Write out exactly the lines below that run from the one containing "Since \<open>\<BB>\<close> is" through the one containing "of \<open>\<AA>\<close> there.", both included, with no other lines.

### SUPPLIED DATA
-.-.-

(* Assume the setup (S) of the context, and suppose moreover that $\mathbb{B}$ is split exact and $I=R$. Then the complex $\mathbb{A}$ is split exact.
   Context: Setup (S): $R$ is a Noetherian unique factorization domain with $1/2\in R$; $p\ge1$, $q\ge3$, $n=p+2$; $B_0=R^{q-2}$, $B_1=R^{p+q}$, $H=R^n$. On $H\oplus H^*$ let $Q(f,f')=f'(f)$ and $\beta\big((f,f'),(g,g')\big)=f'(g)+g'(f)$, which identifies $(H\oplus H^* )^*$ with $H\oplus H^*$. Let $\mathbb{B}\colon 0\to B_0^*\xrightarrow{\delta_4}B_1^*\xrightarrow{\delta_3}H\oplus H^*\xrightarrow{\delta_2}B_1\xrightarrow{\delta_1}B_0$ be a complex with $\delta_2=\delta_3^*$ and $\delta_1=\delta_4^*$ (duals taken using $\beta$). The Clifford action of $H\oplus H^*$ on $\bigwedge H$ is $(f,f')\cdot\omega=f\wedge\omega+\iota_{f'}(\omega)$, where $\iota_{f'}(e_1\wedge\cdots\wedge e_j)=\sum_i(-1)^{i-1}f'(e_i)\,e_1\wedge\cdots\widehat{e_i}\cdots\wedge e_j$. Let $s\in\bigwedge^{\mathrm{odd}}H$ be an element such that for every prime $\mathfrak p\notin\operatorname{Supp}H_0(\mathbb{B})$, the image of $s$ generates the $R_{\mathfrak p}$-module $\{\omega\in\bigwedge H_{\mathfrak p}: x\cdot\omega=0\ \forall x\in(\operatorname{im}\delta_3)_{\mathfrak p}\}$. Let $s_1\in H$ be the degree-one component of $s$, and let $u\in B_1^*$ be any element with $\delta_3(u)=(s_1,0)$. Define $\mathbb{A}\colon 0\to B_0^*\oplus R\xrightarrow{d_3}B_1^*\xrightarrow{d_2}H^*\xrightarrow{d_1}R$ by $d_3(b,r)=\delta_4(b)+ru$; $d_2=\pi_{H^*}\circ\delta_3$ with $\pi_{H^*}$ the projection onto $H^*$; $d_1(f')=f'(s_1)$. Let $I=\operatorname{im}d_1$. *)

theory Defs
  imports "HOL-Computational_Algebra.Fraction_Field"
          "HOL-Computational_Algebra.Factorial_Ring"
          "Jordan_Normal_Form.Matrix"
begin

definition is_ideal :: "'a::comm_ring_1 set \<Rightarrow> bool" where
  "is_ideal I \<longleftrightarrow> 0 \<in> I \<and> (\<forall>x\<in>I. \<forall>y\<in>I. x + y \<in> I) \<and> (\<forall>r. \<forall>x\<in>I. r * x \<in> I)"

definition prime_ideal :: "'a::comm_ring_1 set \<Rightarrow> bool" where
  "prime_ideal P \<longleftrightarrow> is_ideal P \<and> P \<noteq> UNIV \<and> (\<forall>a b. a * b \<in> P \<longrightarrow> a \<in> P \<or> b \<in> P)"

definition ideal_gen :: "'a::comm_ring_1 set \<Rightarrow> 'a set" where
  "ideal_gen F = {(\<Sum>f\<in>G. c f * f) | G c. finite G \<and> G \<subseteq> F}"

definition noetherian_ring :: "'a::comm_ring_1 itself \<Rightarrow> bool" where
  "noetherian_ring _ \<longleftrightarrow>
     (\<forall>I::'a set. is_ideal I \<longrightarrow> (\<exists>F. finite F \<and> F \<subseteq> I \<and> I = ideal_gen F))"

definition is_chain :: "nat list \<Rightarrow> 'a::comm_ring_1 mat list \<Rightarrow> bool" where
  "is_chain ks ds \<longleftrightarrow> length ks = length ds + 1 \<and>
     (\<forall>i<length ds. ds!i \<in> carrier_mat (ks!(i+1)) (ks!i)) \<and>
     (\<forall>i. i + 1 < length ds \<longrightarrow> ds!(i+1) * ds!i = 0\<^sub>m (ks!(i+2)) (ks!i))"

definition exact_at :: "nat list \<Rightarrow> 'a::comm_ring_1 mat list \<Rightarrow> nat \<Rightarrow> bool" where
  "exact_at ks ds i \<longleftrightarrow>
     {v \<in> carrier_vec (ks!i). ds!i *\<^sub>v v = 0\<^sub>v (ks!(i+1))} =
     {ds!(i-1) *\<^sub>v w | w. w \<in> carrier_vec (ks!(i-1))}"

definition split_exact :: "nat list \<Rightarrow> 'a::comm_ring_1 mat list \<Rightarrow> bool" where
  "split_exact ks ds \<longleftrightarrow>
     (let ks' = 0 # ks @ [0];
          ds' = 0\<^sub>m (hd ks) 0 # ds @ [0\<^sub>m 0 (last ks)]
      in is_chain ks' ds' \<and>
         (\<forall>i. 0 < i \<and> i < length ds' \<longrightarrow> exact_at ks' ds' i) \<and>
         (\<forall>i<length ds'. \<exists>s \<in> carrier_mat (ks'!i) (ks'!(i+1)). ds'!i * s * ds'!i = ds'!i))"

text \<open>An element of the exterior algebra of R^n is a coefficient function on subsets
  of {..<n} (basis e_S = e_{i1} \<and> ... \<and> e_{ik}, i1 < ... < ik), zero outside.\<close>
definition ext_alg :: "nat \<Rightarrow> (nat set \<Rightarrow> 'b::zero) set" where
  "ext_alg n = {\<omega>. \<forall>S. \<not> S \<subseteq> {..<n} \<longrightarrow> \<omega> S = 0}"

text \<open>Clifford action of x = (f,f') in H \<oplus> H* (coordinates 0..n-1 for f, n..2n-1 for f'):
  x \<cdot> \<omega> = f \<and> \<omega> + \<iota>_{f'} \<omega>.\<close>
definition clifford :: "nat \<Rightarrow> 'b::comm_ring_1 vec \<Rightarrow> (nat set \<Rightarrow> 'b) \<Rightarrow> (nat set \<Rightarrow> 'b)" where
  "clifford n x \<omega> = (\<lambda>S. if S \<subseteq> {..<n} then
       (\<Sum>i\<in>S. (-1) ^ card {j\<in>S. j < i} * x $ i * \<omega> (S - {i}))
     + (\<Sum>i\<in>{..<n} - S. (-1) ^ card {j\<in>S. j < i} * x $ (n + i) * \<omega> (insert i S))
     else 0)"

definition emb :: "'a::idom \<Rightarrow> 'a fract" where "emb a = Fraction_Field.Fract a 1"

definition loc_ring :: "'a::idom set \<Rightarrow> 'a fract set" where
  "loc_ring P = {Fraction_Field.Fract a t | a t. t \<notin> P}"

definition loc_vecs :: "'a::idom set \<Rightarrow> nat \<Rightarrow> 'a fract vec set" where
  "loc_vecs P k = {v \<in> carrier_vec k. \<forall>i<k. v $ i \<in> loc_ring P}"

definition loc_image :: "'a::idom set \<Rightarrow> 'a mat \<Rightarrow> 'a fract vec set" where
  "loc_image P M = {map_mat emb M *\<^sub>v c | c. c \<in> loc_vecs P (dim_col M)}"

text \<open>P \<in> Supp (coker M) iff (coker M)_P \<noteq> 0 iff (R_P)^m \<noteq> (im M)_P.\<close>
definition in_supp_coker :: "'a::idom set \<Rightarrow> 'a mat \<Rightarrow> bool" where
  "in_supp_coker P M \<longleftrightarrow> loc_vecs P (dim_row M) \<noteq> loc_image P M"

definition loc_ext_alg :: "'a::idom set \<Rightarrow> nat \<Rightarrow> (nat set \<Rightarrow> 'a fract) set" where
  "loc_ext_alg P n = {\<omega> \<in> ext_alg n. \<forall>S. S \<subseteq> {..<n} \<longrightarrow> \<omega> S \<in> loc_ring P}"

definition loc_annihilated :: "'a::idom set \<Rightarrow> nat \<Rightarrow> 'a mat \<Rightarrow> (nat set \<Rightarrow> 'a fract) set" where
  "loc_annihilated P n M =
     {\<omega> \<in> loc_ext_alg P n. \<forall>x \<in> loc_image P M. clifford n x \<omega> = (\<lambda>_. 0)}"

definition beta_mat :: "nat \<Rightarrow> 'a::comm_ring_1 mat" where
  "beta_mat n = mat (2*n) (2*n) (\<lambda>(i,j). if (i < n \<and> j = i + n) \<or> (n \<le> i \<and> j + n = i) then 1 else 0)"

text \<open>B: 0 -> B0* -d4-> B1* -d3-> H\<oplus>H* -d3^*-> B1 -d4^*-> B0, with the dual of d3
  taken through the identification by beta.\<close>
definition cplxB_dims :: "nat \<Rightarrow> nat \<Rightarrow> nat list" where
  "cplxB_dims p q = [q - 2, p + q, 2 * (p + 2), p + q, q - 2]"

definition cplxB_maps :: "nat \<Rightarrow> 'a::comm_ring_1 mat \<Rightarrow> 'a mat \<Rightarrow> 'a mat list" where
  "cplxB_maps n D4 D3 = [D4, D3, transpose_mat D3 * beta_mat n, transpose_mat D4]"

definition deg1 :: "nat \<Rightarrow> (nat set \<Rightarrow> 'a) \<Rightarrow> 'a vec" where
  "deg1 n s = vec n (\<lambda>i. s {i})"

text \<open>A: 0 -> B0*\<oplus>R -d3-> B1* -d2-> H* -d1-> R.\<close>
definition cplxA_dims :: "nat \<Rightarrow> nat \<Rightarrow> nat list" where
  "cplxA_dims p q = [q - 2 + 1, p + q, p + 2, 1]"

definition A_d3 :: "nat \<Rightarrow> nat \<Rightarrow> 'a::comm_ring_1 mat \<Rightarrow> 'a vec \<Rightarrow> 'a mat" where
  "A_d3 p q D4 u = mat (p + q) (q - 2 + 1) (\<lambda>(i,j). if j < q - 2 then D4 $$ (i,j) else u $ i)"

definition A_d2 :: "nat \<Rightarrow> nat \<Rightarrow> 'a::comm_ring_1 mat \<Rightarrow> 'a mat" where
  "A_d2 p q D3 = mat (p + 2) (p + q) (\<lambda>(i,j). D3 $$ (p + 2 + i, j))"

definition A_d1 :: "nat \<Rightarrow> 'a::comm_ring_1 vec \<Rightarrow> 'a mat" where
  "A_d1 n s1 = mat 1 n (\<lambda>(_,j). s1 $ j)"

definition cplxA_maps :: "nat \<Rightarrow> nat \<Rightarrow> 'a::comm_ring_1 mat \<Rightarrow> 'a mat \<Rightarrow> 'a vec \<Rightarrow> 'a vec \<Rightarrow> 'a mat list" where
  "cplxA_maps p q D4 D3 u s1 = [A_d3 p q D4 u, A_d2 p q D3, A_d1 (p + 2) s1]"

end

theory Submission
  imports Defs "Jordan_Normal_Form.Matrix_Kernel"
begin

text \<open>
  Since \<open>\<BB>\<close> is exact, \<open>\<delta>\<^sub>4\<^sup>*\<close> is onto, so the zero ideal lies outside
  \<open>Supp H\<^sub>0(\<BB>)\<close> and the hypothesis on \<open>s\<close> at the generic point says that \<open>s\<close> is
  annihilated by \<open>im \<delta>\<^sub>3\<close> already over \<open>R\<close>. For \<open>x = (x', x'') \<in> im \<delta>\<^sub>3 \<subseteq> H \<oplus> H\<^sup>*\<close>
  the components of \<open>x \<cdot> s = 0\<close> in degrees 0 and 2 read \<open>x''(s\<^sub>1) = 0\<close> and
  \<open>x'\<^sub>j s\<^sub>i - x'\<^sub>i s\<^sub>j = \<Sum>\<^sub>m c\<^sub>i\<^sub>j\<^sub>m x''\<^sub>m\<close>; the first gives \<open>d\<^sub>1 d\<^sub>2 = 0\<close>, and \<open>I = R\<close>
  gives \<open>\<lambda>\<close> with \<open>\<lambda>(s\<^sub>1) = 1\<close>. Since \<open>\<delta>\<^sub>3 (d\<^sub>3(b, r)) = r (s\<^sub>1, 0)\<close>, \<open>\<lambda>\<close> and
  exactness of \<open>\<BB>\<close> at \<open>B\<^sub>0\<^sup>*\<close> make \<open>d\<^sub>3\<close> injective. If \<open>x'' = 0\<close>, the relations force
  \<open>x' = r s\<^sub>1\<close>, i.e. \<open>x = \<delta>\<^sub>3(r u)\<close>, and exactness of \<open>\<BB>\<close> at \<open>B\<^sub>1\<^sup>*\<close> gives exactness
  of \<open>\<AA>\<close> there. A syzygy \<open>f\<close> of \<open>s\<^sub>1\<close> is completed by the relations to an element
  \<open>(g, f)\<close> of \<open>ker \<delta>\<^sub>2 = im \<delta>\<^sub>3\<close>, which is exactness at \<open>H\<^sup>*\<close>. A bounded exact complex
  of finite free modules splits, the inner inverses being built from the right end.
\<close>

definition mat_image :: "'a::semiring_0 mat \<Rightarrow> 'a vec set" where
  "mat_image A = {A *\<^sub>v w | w. w \<in> carrier_vec (dim_col A)}"

lemma mat_imageI: "A \<in> carrier_mat m k \<Longrightarrow> w \<in> carrier_vec k \<Longrightarrow> A *\<^sub>v w \<in> mat_image A"
  unfolding mat_image_def by auto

-.-.-

### YOUR RESPONSE
  Since \<open>\<BB>\<close> is exact, \<open>\<delta>\<^sub>4\<^sup>*\<close> is onto, so the zero ideal lies outside
  \<open>Supp H\<^sub>0(\<BB>)\<close> and the hypothesis on \<open>s\<close> at the generic point says that \<open>s\<close> is
  annihilated by \<open>im \<delta>\<^sub>3\<close> already over \<open>R\<close>. For \<open>x = (x', x'') \<in> im \<delta>\<^sub>3 \<subseteq> H \<oplus> H\<^sup>*\<close>
  the components of \<open>x \<cdot> s = 0\<close> in degrees 0 and 2 read \<open>x''(s\<^sub>1) = 0\<close> and
  \<open>x'\<^sub>j s\<^sub>i - x'\<^sub>i s\<^sub>j = \<Sum>\<^sub>m c\<^sub>i\<^sub>j\<^sub>m x''\<^sub>m\<close>; the first gives \<open>d\<^sub>1 d\<^sub>2 = 0\<close>, and \<open>I = R\<close>
  gives \<open>\<lambda>\<close> with \<open>\<lambda>(s\<^sub>1) = 1\<close>. Since \<open>\<delta>\<^sub>3 (d\<^sub>3(b, r)) = r (s\<^sub>1, 0)\<close>, \<open>\<lambda>\<close> and
  exactness of \<open>\<BB>\<close> at \<open>B\<^sub>0\<^sup>*\<close> make \<open>d\<^sub>3\<close> injective. If \<open>x'' = 0\<close>, the relations force
  \<open>x' = r s\<^sub>1\<close>, i.e. \<open>x = \<delta>\<^sub>3(r u)\<close>, and exactness of \<open>\<BB>\<close> at \<open>B\<^sub>1\<^sup>*\<close> gives exactness
  of \<open>\<AA>\<close> there. A syzygy \<open>f\<close> of \<open>s\<^sub>1\<close> is completed by the relations to an element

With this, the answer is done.